Collected data entries
########################################

(* Let $\|\cdot\|_\alpha$ be a norm from a dimension-invariant family of matrix norms, let $u>0$, and let $A$ be $n\times n$ with blocking $\mathcal{I}$ having $n_t$ blocks. Let $\widehat L$ be block lower triangular and $\widehat R$ block upper triangular (with respect to $\mathcal{I}$), and let $A^{(1)}=A,A^{(2)},\dots,A^{(n_t)}$ be matrices where $A^{(k)}$ has block rows and columns indexed $k,\dots,n_t$. Write $\mathcal{T}_k=k+1:n_t$. Assume that for all $1\le k\le n_t$, $$A^{(k)}_{kk}=\widehat L_{kk}\widehat R_{kk}+E^{(k)}_{11},\quad \|E^{(k)}_{11}\|_\alpha\le c^{(k)}_{11}u\|A^{(k)}_{kk}\|_\alpha,$$ and that for all $1\le k\le n_t-1$, $$A^{(k)}_{k\mathcal{T}_k}=\widehat L_{kk}\widehat R_{k\mathcal{T}_k}+E^{(k)}_{12},\quad \|E^{(k)}_{12}\|_\alpha\le c^{(k)}_{12}u\|\widehat L_{kk}\|_\alpha\|\widehat R_{k\mathcal{T}_k}\|_\alpha,$$ $$A^{(k)}_{\mathcal{T}_kk}=\widehat L_{\mathcal{T}_kk}\widehat R_{kk}+E^{(k)}_{21},\quad \|E^{(k)}_{21}\|_\alpha\le c^{(k)}_{21}u\|\widehat L_{\mathcal{T}_kk}\|_\alpha\|\widehat R_{kk}\|_\alpha,$$ $$A^{(k+1)}=A^{(k)}_{\mathcal{T}_k\mathcal{T}_k}-\widehat L_{\mathcal{T}_kk}\widehat R_{k\mathcal{T}_k}+E^{(k)}_{22},\quad \|E^{(k)}_{22}\|_\alpha\le c^{(k)}_{22A}u\|A^{(k)}_{\mathcal{T}_k\mathcal{T}_k}\|_\alpha+c^{(k)}_{22LU}u\|\widehat L_{\mathcal{T}_kk}\|_\alpha\|\widehat R_{k\mathcal{T}_k}\|_\alpha,$$ with nonnegative constants $c^{(k)}_{\ast}$. Let $\rho=\max_{1\le k\le n_t}\|A^{(k)}\|_\alpha/\|A\|_\alpha$. Then $$\|A-\widehat L\widehat R\|_\alpha\le C_Au\rho\|A\|_\alpha+C_{LU}u\|\widehat L\|_\alpha\|\widehat R\|_\alpha,$$ where $C_A=\sum_{k=1}^{n_t}c^{(k)}_{11}+\sum_{k=1}^{n_t-1}c^{(k)}_{22A}$ and $C_{LU}=\sum_{k=1}^{n_t-1}\big(c^{(k)}_{21}+c^{(k)}_{12}+c^{(k)}_{22LU}\big)$.
   Context: A dimension-invariant family of matrix norms is a choice of norm for matrices of every size such that for every matrix $B$ and every partition of its rows and columns into contiguous blocks $B_{i,j}$, $\max_{i,j}\|B_{i,j}\|\le\|B\|\le\sum_{i,j}\|B_{i,j}\|$. Blocking: a strictly increasing list $\mathcal{I}=[1=\mathcal{I}_1<\dots<\mathcal{I}_{n_t+1}=n+1]$; block $(i,j)$ of a matrix is the submatrix with rows $\mathcal{I}_i:\mathcal{I}_{i+1}-1$ and columns $\mathcal{I}_j:\mathcal{I}_{j+1}-1$, and $B_{i:j,k:l}$ denotes a range of blocks. The hypotheses model a floating-point block LU factorization (unit roundoff $u$) in which the Schur complement updates are performed in order. *)

theory Defs
  imports "Jordan_Normal_Form.Matrix"
begin

definition submat_rng :: "'a mat \<Rightarrow> nat \<Rightarrow> nat \<Rightarrow> nat \<Rightarrow> nat \<Rightarrow> 'a mat" where
  "submat_rng B r0 r1 c0 c1 = mat (r1 - r0) (c1 - c0) (\<lambda>(i,j). B $$ (r0 + i, c0 + j))"

text \<open>Block k (1-based, 1 <= k <= nt) consists of the indices I!(k-1) ..< I!k.\<close>
definition blocking :: "nat list \<Rightarrow> nat \<Rightarrow> bool" where
  "blocking I n \<longleftrightarrow> 2 \<le> length I \<and> I ! 0 = 0 \<and> I ! (length I - 1) = n \<and> sorted_wrt (<) I"

definition nblocks :: "nat list \<Rightarrow> nat" where
  "nblocks I = length I - 1"

text \<open>Block range (i:j, k:l) (1-based, inclusive) of a matrix whose first row/column
  corresponds to global index off (off = 0 for full matrices; off = I!(k-1) for A^(k)).\<close>
definition blk :: "nat list \<Rightarrow> nat \<Rightarrow> 'a mat \<Rightarrow> nat \<Rightarrow> nat \<Rightarrow> nat \<Rightarrow> nat \<Rightarrow> 'a mat" where
  "blk I off B i j k l = submat_rng B (I ! (i - 1) - off) (I ! j - off) (I ! (k - 1) - off) (I ! l - off)"

definition matrix_norm_family :: "(real mat \<Rightarrow> real) \<Rightarrow> bool" where
  "matrix_norm_family N \<longleftrightarrow>
     (\<forall>m p. \<forall>B \<in> carrier_mat m p. 0 \<le> N B \<and> (N B = 0 \<longleftrightarrow> B = 0\<^sub>m m p)) \<and>
     (\<forall>m p c. \<forall>B \<in> carrier_mat m p. N (c \<cdot>\<^sub>m B) = \<bar>c\<bar> * N B) \<and>
     (\<forall>m p. \<forall>B \<in> carrier_mat m p. \<forall>C \<in> carrier_mat m p. N (B + C) \<le> N B + N C)"

definition dim_invariant_norm :: "(real mat \<Rightarrow> real) \<Rightarrow> bool" where
  "dim_invariant_norm N \<longleftrightarrow> matrix_norm_family N \<and>
     (\<forall>m p B RI CI. B \<in> carrier_mat m p \<longrightarrow> blocking RI m \<longrightarrow> blocking CI p \<longrightarrow>
        (\<forall>i \<in> {1..nblocks RI}. \<forall>j \<in> {1..nblocks CI}.
            N (submat_rng B (RI ! (i - 1)) (RI ! i) (CI ! (j - 1)) (CI ! j)) \<le> N B) \<and>
        N B \<le> (\<Sum>i = 1..nblocks RI. \<Sum>j = 1..nblocks CI.
            N (submat_rng B (RI ! (i - 1)) (RI ! i) (CI ! (j - 1)) (CI ! j))))"

definition block_lower :: "nat list \<Rightarrow> 'a::zero mat \<Rightarrow> bool" where
  "block_lower I L \<longleftrightarrow> (\<forall>i j. 1 \<le> i \<and> i < j \<and> j \<le> nblocks I \<longrightarrow>
      blk I 0 L i i j j = 0\<^sub>m (I ! i - I ! (i - 1)) (I ! j - I ! (j - 1)))"

definition block_upper :: "nat list \<Rightarrow> 'a::zero mat \<Rightarrow> bool" where
  "block_upper I R \<longleftrightarrow> (\<forall>i j. 1 \<le> j \<and> j < i \<and> i \<le> nblocks I \<longrightarrow>
      blk I 0 R i i j j = 0\<^sub>m (I ! i - I ! (i - 1)) (I ! j - I ! (j - 1)))"

end

theory Submission imports Defs begin

(* Write D_k = A^(k) - L_{k:nt,k:nt} R_{k:nt,k:nt} for the residual of the trailing factorization
   at step k, so that D_1 = A - L R.  Because L is block lower and R block upper triangular, the
   product L_{k:nt,k:nt} R_{k:nt,k:nt} has blocks L_kk R_kk, L_kk R_kT, L_Tk R_kk and
   L_Tk R_kT + L_TT R_TT.  Hence the first three blocks of D_k are the errors of the three
   factorization steps, and its trailing block is D_(k+1) - E22.  Bounding the norm of D_k by the
   sum of its four block norms gives N(D_k) <= N(D_(k+1)) + (errors of step k); since submatrix
   norms are dominated by the norm of the whole matrix, the errors are bounded by the constants
   times rho N(A) and N(L) N(R), and telescoping over k gives the claim. *)

lemma dim_submat_rng [simp]:
  "dim_row (submat_rng B r0 r1 c0 c1) = r1 - r0" "dim_col (submat_rng B r0 r1 c0 c1) = c1 - c0"
  by (simp_all add: submat_rng_def)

########################################

TASK DETAILS:
List every line above containing the word "errors".

YOUR SOLUTION:
   L_Tk R_kT + L_TT R_TT.  Hence the first three blocks of D_k are the errors of the three
   sum of its four block norms gives N(D_k) <= N(D_(k+1)) + (errors of step k); since submatrix
   norms are dominated by the norm of the whole matrix, the errors are bounded by the constants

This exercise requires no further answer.